#### Data in this exercise ####

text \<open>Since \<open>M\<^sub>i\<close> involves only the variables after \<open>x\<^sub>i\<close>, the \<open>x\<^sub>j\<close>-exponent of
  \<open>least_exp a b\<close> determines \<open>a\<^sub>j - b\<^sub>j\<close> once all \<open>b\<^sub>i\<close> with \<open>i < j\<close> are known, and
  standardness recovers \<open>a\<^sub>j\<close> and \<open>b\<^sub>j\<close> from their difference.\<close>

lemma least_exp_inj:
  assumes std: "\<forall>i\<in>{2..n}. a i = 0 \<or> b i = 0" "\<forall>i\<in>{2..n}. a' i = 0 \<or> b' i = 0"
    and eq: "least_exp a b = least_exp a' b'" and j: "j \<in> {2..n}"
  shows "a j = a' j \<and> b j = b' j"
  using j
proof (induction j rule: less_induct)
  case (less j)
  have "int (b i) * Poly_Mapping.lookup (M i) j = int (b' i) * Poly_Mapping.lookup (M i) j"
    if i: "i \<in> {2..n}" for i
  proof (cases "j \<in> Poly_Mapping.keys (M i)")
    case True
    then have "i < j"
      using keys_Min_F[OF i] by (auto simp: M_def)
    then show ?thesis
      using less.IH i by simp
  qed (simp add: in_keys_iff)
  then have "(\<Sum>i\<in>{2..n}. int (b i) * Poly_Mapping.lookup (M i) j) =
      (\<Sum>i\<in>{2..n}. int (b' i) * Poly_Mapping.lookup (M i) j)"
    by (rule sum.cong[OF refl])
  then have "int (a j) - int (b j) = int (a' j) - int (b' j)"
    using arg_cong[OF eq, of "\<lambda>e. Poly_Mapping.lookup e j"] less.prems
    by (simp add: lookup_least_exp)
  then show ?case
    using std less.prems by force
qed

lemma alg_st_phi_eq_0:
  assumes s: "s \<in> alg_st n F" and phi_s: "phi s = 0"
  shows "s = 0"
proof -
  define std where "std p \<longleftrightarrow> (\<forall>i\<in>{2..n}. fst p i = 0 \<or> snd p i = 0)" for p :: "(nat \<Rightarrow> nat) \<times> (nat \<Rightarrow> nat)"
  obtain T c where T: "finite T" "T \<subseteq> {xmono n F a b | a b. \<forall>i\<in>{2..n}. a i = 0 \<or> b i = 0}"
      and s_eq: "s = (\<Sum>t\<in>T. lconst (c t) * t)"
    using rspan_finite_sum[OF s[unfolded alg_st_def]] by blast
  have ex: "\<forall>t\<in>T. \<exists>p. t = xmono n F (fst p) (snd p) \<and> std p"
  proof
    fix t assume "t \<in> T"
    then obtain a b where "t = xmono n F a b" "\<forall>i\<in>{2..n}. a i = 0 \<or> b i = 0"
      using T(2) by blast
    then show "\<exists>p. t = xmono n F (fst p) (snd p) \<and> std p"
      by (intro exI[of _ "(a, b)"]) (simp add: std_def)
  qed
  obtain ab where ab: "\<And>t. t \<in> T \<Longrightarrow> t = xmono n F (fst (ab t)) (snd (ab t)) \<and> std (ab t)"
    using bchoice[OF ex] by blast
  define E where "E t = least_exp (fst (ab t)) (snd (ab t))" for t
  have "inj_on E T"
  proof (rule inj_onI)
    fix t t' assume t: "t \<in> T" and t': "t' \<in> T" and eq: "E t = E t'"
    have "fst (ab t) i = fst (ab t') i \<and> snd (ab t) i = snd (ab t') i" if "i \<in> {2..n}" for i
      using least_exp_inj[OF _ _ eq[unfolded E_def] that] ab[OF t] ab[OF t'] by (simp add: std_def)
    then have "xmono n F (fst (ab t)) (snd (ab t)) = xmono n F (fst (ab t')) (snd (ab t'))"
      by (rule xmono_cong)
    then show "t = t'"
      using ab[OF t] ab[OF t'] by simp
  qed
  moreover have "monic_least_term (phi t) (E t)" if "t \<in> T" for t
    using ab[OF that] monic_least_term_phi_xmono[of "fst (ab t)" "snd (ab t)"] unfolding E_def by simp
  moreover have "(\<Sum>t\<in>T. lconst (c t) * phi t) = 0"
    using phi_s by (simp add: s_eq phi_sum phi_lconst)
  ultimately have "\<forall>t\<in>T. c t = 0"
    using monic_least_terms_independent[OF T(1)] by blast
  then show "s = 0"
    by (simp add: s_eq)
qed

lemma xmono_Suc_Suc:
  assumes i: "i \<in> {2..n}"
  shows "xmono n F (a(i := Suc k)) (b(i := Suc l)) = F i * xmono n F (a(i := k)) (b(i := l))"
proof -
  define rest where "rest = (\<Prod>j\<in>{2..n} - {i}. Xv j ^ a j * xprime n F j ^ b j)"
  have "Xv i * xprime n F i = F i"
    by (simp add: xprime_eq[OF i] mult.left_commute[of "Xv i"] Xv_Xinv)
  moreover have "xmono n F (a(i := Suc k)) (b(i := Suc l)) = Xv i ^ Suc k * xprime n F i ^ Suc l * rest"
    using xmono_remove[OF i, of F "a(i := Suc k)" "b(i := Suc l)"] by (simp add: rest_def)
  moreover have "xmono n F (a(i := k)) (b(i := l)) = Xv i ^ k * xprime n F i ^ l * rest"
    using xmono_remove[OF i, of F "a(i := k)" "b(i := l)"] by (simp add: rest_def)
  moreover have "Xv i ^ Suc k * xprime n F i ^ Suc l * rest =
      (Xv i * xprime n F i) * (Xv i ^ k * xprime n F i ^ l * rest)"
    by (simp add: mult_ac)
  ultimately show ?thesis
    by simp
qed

####
#### Data in this exercise ####

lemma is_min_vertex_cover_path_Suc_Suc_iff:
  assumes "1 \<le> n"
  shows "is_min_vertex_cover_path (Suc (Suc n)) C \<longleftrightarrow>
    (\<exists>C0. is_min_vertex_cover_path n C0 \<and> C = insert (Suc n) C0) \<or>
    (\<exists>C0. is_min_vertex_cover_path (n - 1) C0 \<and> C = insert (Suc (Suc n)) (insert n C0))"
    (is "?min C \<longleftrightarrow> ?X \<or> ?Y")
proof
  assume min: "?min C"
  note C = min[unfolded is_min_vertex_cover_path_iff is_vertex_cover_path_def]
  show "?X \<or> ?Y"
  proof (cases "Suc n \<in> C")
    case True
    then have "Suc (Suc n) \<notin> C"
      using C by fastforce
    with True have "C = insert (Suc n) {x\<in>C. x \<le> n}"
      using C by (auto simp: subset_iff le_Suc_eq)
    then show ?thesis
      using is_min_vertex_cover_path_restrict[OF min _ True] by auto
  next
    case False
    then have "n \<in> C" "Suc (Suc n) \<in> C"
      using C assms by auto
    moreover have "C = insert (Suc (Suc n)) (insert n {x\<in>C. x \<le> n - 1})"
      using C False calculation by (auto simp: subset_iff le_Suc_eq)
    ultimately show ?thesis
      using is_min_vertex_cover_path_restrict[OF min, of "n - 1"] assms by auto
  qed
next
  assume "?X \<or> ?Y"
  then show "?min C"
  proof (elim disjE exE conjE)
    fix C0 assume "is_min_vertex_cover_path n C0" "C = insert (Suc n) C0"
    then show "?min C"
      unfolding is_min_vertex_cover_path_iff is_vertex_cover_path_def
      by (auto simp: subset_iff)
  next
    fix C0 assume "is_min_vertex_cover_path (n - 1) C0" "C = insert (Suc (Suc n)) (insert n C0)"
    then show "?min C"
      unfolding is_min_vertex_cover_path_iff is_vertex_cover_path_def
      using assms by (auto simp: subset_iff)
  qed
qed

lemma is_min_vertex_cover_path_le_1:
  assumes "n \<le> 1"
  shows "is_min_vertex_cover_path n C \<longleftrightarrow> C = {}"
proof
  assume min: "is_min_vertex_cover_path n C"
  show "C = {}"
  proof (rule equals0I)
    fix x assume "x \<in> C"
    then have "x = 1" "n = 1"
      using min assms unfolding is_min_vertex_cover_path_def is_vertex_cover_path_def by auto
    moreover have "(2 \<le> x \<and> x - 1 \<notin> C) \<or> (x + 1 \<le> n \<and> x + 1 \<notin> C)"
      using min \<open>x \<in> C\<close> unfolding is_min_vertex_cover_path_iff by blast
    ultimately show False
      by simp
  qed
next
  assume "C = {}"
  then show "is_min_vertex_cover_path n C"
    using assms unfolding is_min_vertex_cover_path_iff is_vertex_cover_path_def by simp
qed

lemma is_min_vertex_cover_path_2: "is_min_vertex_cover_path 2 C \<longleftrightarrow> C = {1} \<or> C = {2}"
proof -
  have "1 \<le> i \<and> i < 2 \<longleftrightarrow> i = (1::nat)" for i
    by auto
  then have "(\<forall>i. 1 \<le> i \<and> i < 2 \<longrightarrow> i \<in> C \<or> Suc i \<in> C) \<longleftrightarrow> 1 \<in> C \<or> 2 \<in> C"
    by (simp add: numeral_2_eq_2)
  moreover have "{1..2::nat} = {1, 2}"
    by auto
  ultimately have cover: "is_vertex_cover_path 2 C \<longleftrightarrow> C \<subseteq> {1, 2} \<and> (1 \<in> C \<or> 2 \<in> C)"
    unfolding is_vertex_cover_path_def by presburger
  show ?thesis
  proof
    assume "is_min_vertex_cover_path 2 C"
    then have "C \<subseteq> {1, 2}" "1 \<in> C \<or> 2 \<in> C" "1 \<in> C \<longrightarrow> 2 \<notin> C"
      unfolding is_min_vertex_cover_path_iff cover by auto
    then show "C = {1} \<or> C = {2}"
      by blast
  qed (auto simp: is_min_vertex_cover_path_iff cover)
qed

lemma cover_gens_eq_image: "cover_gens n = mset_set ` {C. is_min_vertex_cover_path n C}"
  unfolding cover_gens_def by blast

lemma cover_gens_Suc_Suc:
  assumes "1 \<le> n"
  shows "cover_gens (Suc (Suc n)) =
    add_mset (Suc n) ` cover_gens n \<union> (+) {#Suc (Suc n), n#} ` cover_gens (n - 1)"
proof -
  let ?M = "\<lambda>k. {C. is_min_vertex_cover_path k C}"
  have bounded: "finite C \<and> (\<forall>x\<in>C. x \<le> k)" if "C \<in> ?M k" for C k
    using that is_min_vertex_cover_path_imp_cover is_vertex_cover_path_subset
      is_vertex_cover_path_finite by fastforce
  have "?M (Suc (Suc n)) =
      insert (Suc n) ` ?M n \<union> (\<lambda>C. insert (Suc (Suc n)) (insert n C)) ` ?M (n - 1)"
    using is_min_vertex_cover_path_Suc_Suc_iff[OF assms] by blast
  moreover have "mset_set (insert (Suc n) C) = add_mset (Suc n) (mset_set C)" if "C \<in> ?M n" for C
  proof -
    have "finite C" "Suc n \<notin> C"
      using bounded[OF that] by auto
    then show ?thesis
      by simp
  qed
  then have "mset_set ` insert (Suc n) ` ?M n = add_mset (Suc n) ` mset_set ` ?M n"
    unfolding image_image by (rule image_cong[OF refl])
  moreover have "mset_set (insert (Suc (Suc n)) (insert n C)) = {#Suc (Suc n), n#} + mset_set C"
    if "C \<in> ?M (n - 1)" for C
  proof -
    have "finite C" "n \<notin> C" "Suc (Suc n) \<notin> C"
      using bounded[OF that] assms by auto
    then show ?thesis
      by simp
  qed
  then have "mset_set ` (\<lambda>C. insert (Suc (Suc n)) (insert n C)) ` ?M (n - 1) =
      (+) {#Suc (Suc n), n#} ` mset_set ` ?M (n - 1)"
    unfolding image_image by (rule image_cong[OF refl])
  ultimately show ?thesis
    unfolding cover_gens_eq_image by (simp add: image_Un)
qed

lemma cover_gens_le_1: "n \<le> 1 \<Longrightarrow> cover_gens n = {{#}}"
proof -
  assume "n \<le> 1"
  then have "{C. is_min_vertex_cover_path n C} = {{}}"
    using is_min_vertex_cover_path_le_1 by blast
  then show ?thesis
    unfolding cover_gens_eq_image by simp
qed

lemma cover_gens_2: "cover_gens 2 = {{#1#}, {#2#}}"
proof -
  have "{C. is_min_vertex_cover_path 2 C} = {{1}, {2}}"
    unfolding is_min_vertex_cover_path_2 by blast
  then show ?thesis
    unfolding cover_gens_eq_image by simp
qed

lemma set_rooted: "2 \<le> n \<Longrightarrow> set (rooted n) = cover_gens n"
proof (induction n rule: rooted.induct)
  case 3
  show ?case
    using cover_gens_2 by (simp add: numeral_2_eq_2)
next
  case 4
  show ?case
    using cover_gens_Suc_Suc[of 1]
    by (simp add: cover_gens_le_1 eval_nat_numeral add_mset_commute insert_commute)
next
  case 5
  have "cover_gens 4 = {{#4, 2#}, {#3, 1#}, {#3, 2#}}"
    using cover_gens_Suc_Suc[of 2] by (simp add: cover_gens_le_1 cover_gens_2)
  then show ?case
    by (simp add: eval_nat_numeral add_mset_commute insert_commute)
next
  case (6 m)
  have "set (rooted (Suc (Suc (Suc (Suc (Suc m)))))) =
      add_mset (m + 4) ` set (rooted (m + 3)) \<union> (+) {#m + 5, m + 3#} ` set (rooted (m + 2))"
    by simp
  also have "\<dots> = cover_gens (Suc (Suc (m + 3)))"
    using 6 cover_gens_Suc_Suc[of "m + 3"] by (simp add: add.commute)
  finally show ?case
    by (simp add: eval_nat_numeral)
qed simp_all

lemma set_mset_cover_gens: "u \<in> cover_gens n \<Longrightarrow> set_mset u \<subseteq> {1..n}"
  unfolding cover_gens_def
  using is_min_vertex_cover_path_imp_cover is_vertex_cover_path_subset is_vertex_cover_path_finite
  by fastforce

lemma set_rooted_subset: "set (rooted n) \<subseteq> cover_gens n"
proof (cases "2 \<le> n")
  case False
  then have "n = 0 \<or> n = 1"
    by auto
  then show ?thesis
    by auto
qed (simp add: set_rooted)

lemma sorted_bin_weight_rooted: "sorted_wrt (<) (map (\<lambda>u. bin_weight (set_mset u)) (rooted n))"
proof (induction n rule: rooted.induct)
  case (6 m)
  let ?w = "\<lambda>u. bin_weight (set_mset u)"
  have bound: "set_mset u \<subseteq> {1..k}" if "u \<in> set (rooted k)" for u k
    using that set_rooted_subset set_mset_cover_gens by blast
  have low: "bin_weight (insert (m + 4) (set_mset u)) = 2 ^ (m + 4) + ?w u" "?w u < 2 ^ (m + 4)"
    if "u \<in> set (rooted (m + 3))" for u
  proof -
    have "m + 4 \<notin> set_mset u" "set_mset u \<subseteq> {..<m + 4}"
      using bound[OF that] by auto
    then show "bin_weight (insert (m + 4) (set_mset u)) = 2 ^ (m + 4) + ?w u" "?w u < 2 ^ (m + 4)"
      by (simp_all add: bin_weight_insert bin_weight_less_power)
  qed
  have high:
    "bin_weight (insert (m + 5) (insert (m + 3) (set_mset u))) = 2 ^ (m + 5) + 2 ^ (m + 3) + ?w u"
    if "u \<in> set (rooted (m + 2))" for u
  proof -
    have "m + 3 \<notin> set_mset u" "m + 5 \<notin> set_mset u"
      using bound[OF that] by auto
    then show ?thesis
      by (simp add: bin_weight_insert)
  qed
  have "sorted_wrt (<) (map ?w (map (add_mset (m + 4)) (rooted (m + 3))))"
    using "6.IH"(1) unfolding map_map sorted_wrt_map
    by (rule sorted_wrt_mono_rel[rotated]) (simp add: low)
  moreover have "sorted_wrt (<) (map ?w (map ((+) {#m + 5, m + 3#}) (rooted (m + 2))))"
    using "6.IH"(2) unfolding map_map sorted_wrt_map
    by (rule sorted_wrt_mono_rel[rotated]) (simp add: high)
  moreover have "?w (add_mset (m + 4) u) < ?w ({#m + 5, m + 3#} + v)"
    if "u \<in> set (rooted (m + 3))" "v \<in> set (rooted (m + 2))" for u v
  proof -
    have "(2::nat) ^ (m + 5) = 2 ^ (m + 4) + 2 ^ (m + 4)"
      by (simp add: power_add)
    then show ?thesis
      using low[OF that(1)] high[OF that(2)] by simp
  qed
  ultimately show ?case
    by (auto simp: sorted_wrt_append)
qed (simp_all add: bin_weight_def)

####

→ What you should do
Each line of the data that holds "cases" should be copied.

→ Written response
  proof (cases "j \<in> Poly_Mapping.keys (M i)")
  proof (cases "Suc n \<in> C")
proof (cases "2 \<le> n")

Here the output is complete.